When you use an existing rootfs to boot another identical box, you will need to make sure the udev rules for persistent-net are removed or modified. This usually causes network problem because of conflicting MAC address.

To make it really simple, remove these 2 files (or rename them to *.save so that they will be regenerated by udev using the new MAC address) before mounting to the other box:
/etc/udev/rules.d/70-persistent-net.rules
/lib/udev/rules.d/75-persistent-net-generator.rules

I renamed the two files as suggested, but it still did not get on the network. There was a clue in dmesg (read from the stick in another Linux box) where it showed that the eth0 device was renamed to eth1. I looked at the 70-persistent-net.rules file again and found that the old definition from the Mobile was still there as eth0 and the new definition from the E02 was assigned to eth1. Since there was no definition for eth1 in /etc/network/interfaces, it didn't work. Also, the generator file had not been recreated; I renamed the old one back to the original name. I commented the line from the Mobile, moved the stick to the E02 and it got the network connection. Working 70-persistent-net.rules snippet:
# Unknown net device (/devices/platform/mv643xx_eth_port.0/net/eth0) (mv643xx_eth_port)
#SUBSYSTEM=="net", ACTION=="add", DRIVERS=="?*", ATTR{address}=="00:25:31:05:be:f1", ATTR{dev_id}=="0x0", ATTR{type}=="1", KERNEL=="eth*", NAME="eth0"

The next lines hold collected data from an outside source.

(* Let $(\mathcal{A},\{\mu_n\}_{n\ge1})$ be an $A_\infty$-algebra and $\mathcal{N}:\mathcal{A}\to\mathcal{A}$ a strict homotopy Nijenhuis operator on it. (i) For every $k\ge0$, $\mathcal{N}^k$ is a strict homotopy Nijenhuis operator on $(\mathcal{A},\{\mu_n\}_{n\ge1})$; hence one has the deformed $A_\infty$-algebra $(\mathcal{A},\{\mu_{n,\mathcal{N}^k}\}_{n\ge1})$. (ii) For all $k,l\ge0$, $\mathcal{N}^l$ is a strict homotopy Nijenhuis operator on the deformed $A_\infty$-algebra $(\mathcal{A},\{\mu_{n,\mathcal{N}^k}\}_{n\ge1})$.
   Context: Over a field of characteristic $0$. An $A_\infty$-algebra: graded vector space $\mathcal{A}$ with degree $n-2$ maps $\mu_n:\mathcal{A}^{\otimes n}\to\mathcal{A}$ such that for all $k\ge1$ and homogeneous $a_1,\dots,a_k$: $\sum_{m+n=k+1}\sum_{i=1}^m(-1)^{i(n+1)+n(|a_1|+\cdots+|a_{i-1}|)}\mu_m(a_1,\dots,a_{i-1},\mu_n(a_i,\dots,a_{i+n-1}),a_{i+n},\dots,a_k)=0$. For a degree $0$ linear map $\mathcal{P}$, $S\subseteq\{1,\dots,n\}$ and homogeneous $a_1,\dots,a_n$, write $\mu_n^{S,\mathcal{P}}(a_1,\dots,a_n)=\mu_n(c_1,\dots,c_n)$ with $c_i=a_i$ for $i\in S$, $c_i=\mathcal{P}(a_i)$ for $i\notin S$. $\mathcal{P}$ is a strict homotopy Nijenhuis operator on $(\mathcal{A},\{\mu_n\})$ if $\mu_n(\mathcal{P}a_1,\dots,\mathcal{P}a_n)=\sum_{j=1}^n(-1)^{j-1}\mathcal{P}^j\big(\sum_{|S|=j}\mu_n^{S,\mathcal{P}}(a_1,\dots,a_n)\big)$ for all $n\ge1$. The deformed $A_\infty$-algebra of such $\mathcal{P}$ has $\mu_{1,\mathcal{P}}=\mu_1$ and $\mu_{n,\mathcal{P}}(a_1,\dots,a_n)=\sum_{j=1}^n(-1)^{j-1}\mathcal{P}^{j-1}\big(\sum_{|S|=j}\mu_n^{S,\mathcal{P}}(a_1,\dots,a_n)\big)$ for $n\ge2$ (it is an $A_\infty$-algebra). $\mathcal{N}^0=\mathrm{Id}$. *)

theory Defs
  imports Complex_Main
begin

definition graded_vs :: "('k::field_char_0 \<Rightarrow> 'v::ab_group_add \<Rightarrow> 'v) \<Rightarrow> (int \<Rightarrow> 'v set) \<Rightarrow> bool" where
  "graded_vs scale G \<longleftrightarrow> vector_space scale \<and> (\<forall>d. Modules.module.subspace scale (G d)) \<and>
     (\<forall>v. \<exists>!c :: int \<Rightarrow> 'v. finite {d. c d \<noteq> 0} \<and> (\<forall>d. c d \<in> G d) \<and>
            v = (\<Sum>d\<in>{d. c d \<noteq> 0}. c d))"

definition homs :: "(int \<Rightarrow> 'v set) \<Rightarrow> int list \<Rightarrow> 'v list \<Rightarrow> bool" where
  "homs G ds as \<longleftrightarrow> length as = length ds \<and> (\<forall>i<length as. as ! i \<in> G (ds ! i))"

definition sgnI :: "int \<Rightarrow> 'k::field" where
  "sgnI e = (if even e then 1 else -1)"

definition multilinear :: "('k::field \<Rightarrow> 'v::ab_group_add \<Rightarrow> 'v) \<Rightarrow> nat \<Rightarrow> ('v list \<Rightarrow> 'v) \<Rightarrow> bool" where
  "multilinear scale n f \<longleftrightarrow>
     (\<forall>as i. length as = n \<longrightarrow> i < n \<longrightarrow> Vector_Spaces.linear scale scale (\<lambda>x. f (as[i := x])))"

# Unknown net device (/devices/platform/mv643xx_eth_port.0/net/eth0) (mv643xx_eth_port)
SUBSYSTEM=="net", ACTION=="add", DRIVERS=="?*", ATTR{address}=="00:25:31:00:bd:cf", ATTR{dev_id}=="0x0", ATTR{type}=="1", KERNEL=="eth*", NAME="eth0"

In the best troubleshooting tradition of changing two things at once, I also changed the interfaces file to specifiy the MAC address using the the hwaddress line in the static ip section. So, I'm not certain which one fixed it, but I'm pretty sure it was the udev rules.

All is fine now after sorting out a couple of USB DAC issues. I thought I'd post this in case anyone is thinking of doing something like this.